[[ Materials provided open ]]
(* Let $X$ be an Archimedean Riesz space with unit $e$ and let $N$ be a proper uniformly closed order ideal of $X$. If $V:X\to\mathbf{R}$ is normalized, monotone, unit-additive, unit-modular and $N$-invariant, then there exists a normalized capacity $\nu:\mathscr{B}(\mathcal{E}_N)\to\mathbf{R}$ such that $$\forall x\in X,\quad V(x)=\int_{\mathcal{E}_N}\langle x,\xi\rangle\,\mathrm{d}\nu(\xi).$$
   Context: A Riesz space is a real vector lattice; it is Archimedean if $0\le nx\le y$ for all $n\in\mathbf{N}$ implies $x=0$. A (strong order) unit is a nonzero $e$ such that every $x$ satisfies $-\lambda e\le x\le\lambda e$ for some $\lambda\ge0$. An order ideal is a solid vector subspace ($|x|\le|y|$, $y\in N$ imply $x\in N$). $N$ is uniformly closed if $x\in N$ whenever there are $x_n\in N$, $y>0$ and reals $\varepsilon_n\downarrow0$ with $|x_n-x|\le\varepsilon_n y$ for all $n$. $X$ carries the norm $\|x\|=\inf\{\lambda\ge0:|x|\le\lambda e\}$; $X^\star$ is its norm dual with the weak$^\star$ topology, $X^\star_+=\{\xi:\langle x,\xi\rangle\ge0\ \forall x\ge0\}$, $\Delta=\{\xi\in X^\star_+:\langle e,\xi\rangle=1\}$, $\Delta_N=\Delta\cap N^\perp$ (functionals in $\Delta$ vanishing on $N$), and $\mathcal{E}_N$ is the set of extreme points of $\Delta_N$, with relative weak$^\star$ topology and Borel $\sigma$-algebra $\mathscr{B}(\mathcal{E}_N)$. A functional $V:X\to\mathbf{R}$ is normalized if $V(\lambda e)=\lambda$ for all $\lambda\in\mathbf{R}$; monotone if $x\le y$ implies $V(x)\le V(y)$; unit-additive if $V(x+\lambda e)=V(x)+V(\lambda e)$ for all $x$ and $\lambda\ge0$; unit-modular if $V(x\vee\lambda e)+V(x\wedge\lambda e)=V(x)+V(\lambda e)$ for all $x$ and $\lambda\in\mathbf{R}$; $N$-invariant if $V(x)=V(y)$ whenever $x-y\in N$. A normalized capacity on a $\sigma$-algebra is a monotone set function with value $0$ at $\emptyset$ and $1$ at the whole space; the integral is the Choquet integral $\int f\,\mathrm{d}\nu=\int_0^\infty\nu(f\ge t)\,\mathrm{d}t+\int_{-\infty}^0[\nu(f\ge t)-1]\,\mathrm{d}t$. *)

theory Defs
  imports "HOL-Analysis.Analysis"
begin

text \<open>A Riesz space is modelled as a type of class {ordered_real_vector, lattice}
(a real ordered vector space whose order is a lattice).  Functionals on it are
functions 'a => real; the space 'a => real carries the product topology
(topology of pointwise convergence), whose subspace topology on the norm dual is
the weak-star topology.\<close>

definition rabs :: "'a::{ordered_real_vector,lattice} \<Rightarrow> 'a" where
  "rabs x = sup x (- x)"

definition archimedean_riesz :: "'a::{ordered_real_vector,lattice} itself \<Rightarrow> bool" where
  "archimedean_riesz _ \<longleftrightarrow>
     (\<forall>x y::'a. (\<forall>n::nat. 0 \<le> real n *\<^sub>R x \<and> real n *\<^sub>R x \<le> y) \<longrightarrow> x = 0)"

definition strong_unit :: "'a::{ordered_real_vector,lattice} \<Rightarrow> bool" where
  "strong_unit e \<longleftrightarrow> e \<noteq> 0 \<and> (\<forall>x. \<exists>l\<ge>0. - (l *\<^sub>R e) \<le> x \<and> x \<le> l *\<^sub>R e)"

definition order_ideal :: "'a::{ordered_real_vector,lattice} set \<Rightarrow> bool" where
  "order_ideal N \<longleftrightarrow> subspace N \<and> (\<forall>x y. rabs x \<le> rabs y \<and> y \<in> N \<longrightarrow> x \<in> N)"

definition uniformly_closed :: "'a::{ordered_real_vector,lattice} set \<Rightarrow> bool" where
  "uniformly_closed N \<longleftrightarrow>
     (\<forall>x. (\<exists>xs y (eps::nat \<Rightarrow> real). (\<forall>n. xs n \<in> N) \<and> 0 < y \<and> decseq eps \<and> eps \<longlonglongrightarrow> 0
            \<and> (\<forall>n. rabs (xs n - x) \<le> eps n *\<^sub>R y)) \<longrightarrow> x \<in> N)"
[[ Materials provided closed ]]
Which of the lines above include the word "whose"? List those lines.

(a real ordered vector space whose order is a lattice).  Functionals on it are
(topology of pointwise convergence), whose subspace topology on the norm dual is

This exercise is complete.